[Opening Data records section]
(* Let $X_0\neq\{0\}$ be a Banach space, $\{\Theta_s,|||\cdot|||_s\}_{s\in\mathbb N_0}$ a sequence of $BK$-spaces satisfying (F1)–(F3), and $\{g_i\}_{i=1}^\infty\in(X_0^* )^{\mathbb N}$ a $\Theta_0$-frame for $X_0$ with bounds $1\le A_0\le B_0<\infty$. Let $M:=\{\{g_i(f)\}_{i=1}^\infty: f\in X_0\}\cap\Theta_F$ and assume that for every $s\in\mathbb N_0$ the set $\{\{g_i(f)\}_{i=1}^\infty:f\in X_0\}\cap\Theta_s$ is not $\{0\}$ and $M$ is dense in it with respect to $|||\cdot|||_s$. Then there exists a sequence of Banach spaces $\{X_s\}_{s\in\mathbb N_0}$ (starting with the given $X_0$) satisfying (F1)–(F3) such that $\{g_i|_{X_F}\}_{i=1}^\infty$ is a pre-$F$-frame for $X_F$ with respect to $\Theta_F$ with bounds $A_0,B_0$ for $s=0$ and $A_s=B_s=1$ for $s\in\mathbb N$. (Namely $X_s=\{f\in X_0:\{g_i(f)\}\in\Theta_s\}$ with $\|f\|_s=|||\{g_i(f)\}|||_s$, $s\ge1$.) If moreover there exists an $F$-bounded projection from $\Theta_F$ onto $M$, then $\{g_i|_{X_F}\}$ is an $F$-frame for $X_F$ with respect to $\Theta_F$.
   Context: Conditions (F1)–(F3) for a sequence $\{Y_s,|\cdot|_s\}_{s\in\mathbb N_0}$ of separable Banach spaces: (F1) $\{0\}\neq\bigcap_sY_s\subseteq\dots\subseteq Y_1\subseteq Y_0$; (F2) $|\cdot|_0\le|\cdot|_1\le\dots$; (F3) $Y_F:=\bigcap_sY_s$ dense in each $Y_s$. $X_F=\bigcap_sX_s$, $\Theta_F=\bigcap_s\Theta_s$. $BK$-space: Banach sequence space with continuous coordinate functionals. For a Banach space $X$ and $BK$-space $\Theta$, $\{g_i\}\subset X^*$ is a $\Theta$-frame with bounds $A,B$ if $\{g_i(f)\}\in\Theta$ and $A\|f\|\le|||\{g_i(f)\}|||\le B\|f\|$ for all $f\in X$. Pre-$F$-frame: $\{g_i\}\in(X_F^* )^{\mathbb N}$ with $\{g_i(f)\}\in\Theta_F$ for all $f\in X_F$ and for each $s$ constants $0<A_s\le B_s$ with $A_s\|f\|_s\le|||\{g_i(f)\}|||_s\le B_s\|f\|_s$, $f\in X_F$. $F$-frame: pre-$F$-frame with an $F$-bounded $V:\Theta_F\to X_F$, $V(\{g_i(f)\})=f$ for $f\in X_F$. An operator is $F$-bounded if for each $s$ there is $K_s$ with $|\,Tc\,|_s\le K_s|||c|||_s$ in the respective $s$-th norms; a projection is a linear map $\mathcal P$ with $\mathcal P^2=\mathcal P$. *)

theory Defs
  imports "HOL-Analysis.Analysis" "HOL-Library.Function_Algebras"
begin

instantiation "fun" :: (type, real_vector) real_vector
begin
definition scaleR_fun :: "real \<Rightarrow> ('a \<Rightarrow> 'b) \<Rightarrow> 'a \<Rightarrow> 'b" where
  "scaleR_fun c f = (\<lambda>x. c *\<^sub>R f x)"
instance by standard (auto simp: scaleR_fun_def fun_eq_iff scaleR_add_right scaleR_add_left)
end

definition normed_subspace :: "'v::real_vector set \<Rightarrow> ('v \<Rightarrow> real) \<Rightarrow> bool" where
  "normed_subspace S n \<longleftrightarrow>
     0 \<in> S \<and> (\<forall>x\<in>S. \<forall>y\<in>S. x + y \<in> S) \<and> (\<forall>c x. x \<in> S \<longrightarrow> c *\<^sub>R x \<in> S) \<and>
     (\<forall>x\<in>S. 0 \<le> n x) \<and> (\<forall>x\<in>S. n x = 0 \<longleftrightarrow> x = 0) \<and>
     (\<forall>x\<in>S. \<forall>y\<in>S. n (x + y) \<le> n x + n y) \<and>
     (\<forall>c. \<forall>x\<in>S. n (c *\<^sub>R x) = \<bar>c\<bar> * n x)"

definition complete_wrt :: "'v::real_vector set \<Rightarrow> ('v \<Rightarrow> real) \<Rightarrow> bool" where
  "complete_wrt S n \<longleftrightarrow>
     (\<forall>u. (\<forall>k. u k \<in> S) \<and> (\<forall>e>0. \<exists>N. \<forall>k\<ge>N. \<forall>l\<ge>N. n (u k - u l) < e)
        \<longrightarrow> (\<exists>x\<in>S. (\<lambda>k. n (u k - x)) \<longlonglongrightarrow> 0))"

definition dense_wrt :: "'v::real_vector set \<Rightarrow> ('v \<Rightarrow> real) \<Rightarrow> 'v set \<Rightarrow> bool" where
  "dense_wrt S n D \<longleftrightarrow> (\<forall>x\<in>S. \<forall>e>0. \<exists>d\<in>D. n (x - d) < e)"

definition separable_wrt :: "'v::real_vector set \<Rightarrow> ('v \<Rightarrow> real) \<Rightarrow> bool" where
  "separable_wrt S n \<longleftrightarrow> (\<exists>D. D \<subseteq> S \<and> countable D \<and> dense_wrt S n D)"

definition banach_space_on :: "'v::real_vector set \<Rightarrow> ('v \<Rightarrow> real) \<Rightarrow> bool" where
  "banach_space_on S n \<longleftrightarrow> normed_subspace S n \<and> complete_wrt S n"

definition BK_space :: "(nat \<Rightarrow> real) set \<Rightarrow> ((nat \<Rightarrow> real) \<Rightarrow> real) \<Rightarrow> bool" where
  "BK_space \<Theta> n \<longleftrightarrow> banach_space_on \<Theta> n \<and> (\<forall>i. \<exists>C. \<forall>c\<in>\<Theta>. \<bar>c i\<bar> \<le> C * n c)"

definition F_conditions :: "(nat \<Rightarrow> 'v::real_vector set) \<Rightarrow> (nat \<Rightarrow> 'v \<Rightarrow> real) \<Rightarrow> bool" where
  "F_conditions Y nY \<longleftrightarrow>
     (\<forall>s. banach_space_on (Y s) (nY s) \<and> separable_wrt (Y s) (nY s)) \<and>
     (\<Inter>s. Y s) \<noteq> {0} \<and> (\<forall>s. Y (Suc s) \<subseteq> Y s) \<and>
     (\<forall>s. \<forall>x\<in>Y (Suc s). nY s x \<le> nY (Suc s) x) \<and>
     (\<forall>s. dense_wrt (Y s) (nY s) (\<Inter>s. Y s))"

definition linear_on :: "'v::real_vector set \<Rightarrow> ('v \<Rightarrow> 'w::real_vector) \<Rightarrow> bool" where
  "linear_on S T \<longleftrightarrow> (\<forall>x\<in>S. \<forall>y\<in>S. T (x + y) = T x + T y) \<and> (\<forall>c. \<forall>x\<in>S. T (c *\<^sub>R x) = c *\<^sub>R T x)"

definition F_bounded :: "(nat \<Rightarrow> 'v::real_vector set) \<Rightarrow> (nat \<Rightarrow> 'v \<Rightarrow> real)
     \<Rightarrow> (nat \<Rightarrow> 'w \<Rightarrow> real) \<Rightarrow> ('v \<Rightarrow> 'w) \<Rightarrow> bool" where
  "F_bounded Y nY nZ T \<longleftrightarrow> (\<forall>s. \<exists>K. \<forall>c\<in>(\<Inter>t. Y t). nZ s (T c) \<le> K * nY s c)"

text \<open>Element of X_F^*: linear on X_F and continuous w.r.t. the Frechet topology of X_F.\<close>
definition F_dual :: "(nat \<Rightarrow> 'a::real_vector set) \<Rightarrow> (nat \<Rightarrow> 'a \<Rightarrow> real) \<Rightarrow> ('a \<Rightarrow> real) \<Rightarrow> bool" where
  "F_dual X nX h \<longleftrightarrow> linear_on (\<Inter>s. X s) h \<and>
     (\<exists>s C. \<forall>f\<in>(\<Inter>t. X t). \<bar>h f\<bar> \<le> C * nX s f)"

definition pre_F_frame :: "(nat \<Rightarrow> 'a::real_vector set) \<Rightarrow> (nat \<Rightarrow> 'a \<Rightarrow> real)
   \<Rightarrow> (nat \<Rightarrow> (nat \<Rightarrow> real) set) \<Rightarrow> (nat \<Rightarrow> (nat \<Rightarrow> real) \<Rightarrow> real)
   \<Rightarrow> (nat \<Rightarrow> 'a \<Rightarrow> real) \<Rightarrow> (nat \<Rightarrow> real) \<Rightarrow> (nat \<Rightarrow> real) \<Rightarrow> bool" where
  "pre_F_frame X nX \<Theta> n\<Theta> g A B \<longleftrightarrow>
     (\<forall>i. F_dual X nX (g i)) \<and>
     (\<forall>f\<in>(\<Inter>s. X s). (\<lambda>i. g i f) \<in> (\<Inter>s. \<Theta> s)) \<and>
     (\<forall>s. 0 < A s \<and> A s \<le> B s \<and>
        (\<forall>f\<in>(\<Inter>t. X t). A s * nX s f \<le> n\<Theta> s (\<lambda>i. g i f) \<and> n\<Theta> s (\<lambda>i. g i f) \<le> B s * nX s f))"

definition F_frame :: "(nat \<Rightarrow> 'a::real_vector set) \<Rightarrow> (nat \<Rightarrow> 'a \<Rightarrow> real)
   \<Rightarrow> (nat \<Rightarrow> (nat \<Rightarrow> real) set) \<Rightarrow> (nat \<Rightarrow> (nat \<Rightarrow> real) \<Rightarrow> real)
   \<Rightarrow> (nat \<Rightarrow> 'a \<Rightarrow> real) \<Rightarrow> bool" where
  "F_frame X nX \<Theta> n\<Theta> g \<longleftrightarrow>
     (\<exists>A B. pre_F_frame X nX \<Theta> n\<Theta> g A B) \<and>
     (\<exists>V. (\<forall>c\<in>(\<Inter>s. \<Theta> s). V c \<in> (\<Inter>s. X s)) \<and> linear_on (\<Inter>s. \<Theta> s) V \<and>
          F_bounded \<Theta> n\<Theta> nX V \<and> (\<forall>f\<in>(\<Inter>s. X s). V (\<lambda>i. g i f) = f))"

definition Theta_frame :: "(nat \<Rightarrow> real) set \<Rightarrow> ((nat \<Rightarrow> real) \<Rightarrow> real)
   \<Rightarrow> (nat \<Rightarrow> 'a::real_normed_vector \<Rightarrow> real) \<Rightarrow> real \<Rightarrow> real \<Rightarrow> bool" where
  "Theta_frame \<Theta> n g A B \<longleftrightarrow> (\<forall>i. bounded_linear (g i)) \<and>
     (\<forall>f. (\<lambda>i. g i f) \<in> \<Theta> \<and> A * norm f \<le> n (\<lambda>i. g i f) \<and> n (\<lambda>i. g i f) \<le> B * norm f)"

end

theory Submission
  imports Defs
begin

(* Let G f = (g_i(f))_i be the analysis operator
   of the Theta_0-frame.  It is linear, and the lower frame bound A0 >= 1 gives
   norm f <= |||G f|||_0, so G is injective.  Put X_s = G^{-1}(Theta_s), with the norm of X_0
   for s = 0 and ||f||_s = |||G f|||_s for s >= 1; then X_0 is the whole space.

   Inside the locale
   Theta_frame_setting these facts yield (F1)-(F3) for the spaces X_s, the pre-F-frame
   inequalities (which hold by the very choice of the norms), and finally the F-frame
   property: given an F-bounded projection P onto M = range G \<inter> Theta_F, the synthesis
   operator is V = G^{-1} \<circ> P.  The theorem is then an interpretation of the locale. *)

section \<open>Normed subspaces\<close>

lemma normed_subspace_nonneg: "normed_subspace S n \<Longrightarrow> x \<in> S \<Longrightarrow> 0 \<le> n x"
  unfolding normed_subspace_def by simp

lemma normed_subspace_eq_0: "normed_subspace S n \<Longrightarrow> x \<in> S \<Longrightarrow> n x = 0 \<longleftrightarrow> x = 0"
  unfolding normed_subspace_def by simp

lemma normed_subspace_zero:
  assumes "normed_subspace S n" shows "n 0 = 0"
proof -
  have "0 \<in> S" using assms unfolding normed_subspace_def by simp
  then show ?thesis using normed_subspace_eq_0[OF assms] by simp
qed

lemma normed_subspace_uminus:
  assumes "normed_subspace S n" "x \<in> S" shows "- x \<in> S" "n (- x) = n x"
proof -
  have scale: "c *\<^sub>R x \<in> S" "n (c *\<^sub>R x) = \<bar>c\<bar> * n x" for c
    using assms unfolding normed_subspace_def by auto
  show "- x \<in> S" using scale(1)[of "- 1"] by simp
  show "n (- x) = n x" using scale(2)[of "- 1"] by simp
qed

lemma normed_subspace_diff:
  assumes "normed_subspace S n" "x \<in> S" "y \<in> S" shows "x - y \<in> S"
  using assms normed_subspace_uminus[OF assms(1,3)] unfolding normed_subspace_def
  by (metis diff_conv_add_uminus)

lemma normed_subspace_commute:
  assumes "normed_subspace S n" "x \<in> S" "y \<in> S" shows "n (x - y) = n (y - x)"
  using normed_subspace_uminus(2)[OF assms(1) normed_subspace_diff[OF assms]] by (metis minus_diff_eq)

lemma normed_subspace_triangle:
  assumes "normed_subspace S n" "x \<in> S" "y \<in> S" "z \<in> S"
  shows "n (x - z) \<le> n (x - y) + n (y - z)"
proof -
  have "x - z = (x - y) + (y - z)" by simp
  then show ?thesis
    using assms normed_subspace_diff[OF assms(1)] unfolding normed_subspace_def by metis
qed

lemma normed_subspace_UNIV: "normed_subspace (UNIV :: 'a::real_normed_vector set) norm"
  unfolding normed_subspace_def by (auto simp: norm_triangle_ineq)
[Closing Data records section]
• _Task_
Scan the lines above for "(\<exists>x\<in>S. (\<lambda>k. n" and for "n \<longleftrightarrow> (\<exists>D.". Repeat exactly the line holding each of them and every line in between.

• _Response box_
        \<longrightarrow> (\<exists>x\<in>S. (\<lambda>k. n (u k - x)) \<longlonglongrightarrow> 0))"

definition dense_wrt :: "'v::real_vector set \<Rightarrow> ('v \<Rightarrow> real) \<Rightarrow> 'v set \<Rightarrow> bool" where
  "dense_wrt S n D \<longleftrightarrow> (\<forall>x\<in>S. \<forall>e>0. \<exists>d\<in>D. n (x - d) < e)"

definition separable_wrt :: "'v::real_vector set \<Rightarrow> ('v \<Rightarrow> real) \<Rightarrow> bool" where
  "separable_wrt S n \<longleftrightarrow> (\<exists>D. D \<subseteq> S \<and> countable D \<and> dense_wrt S n D)"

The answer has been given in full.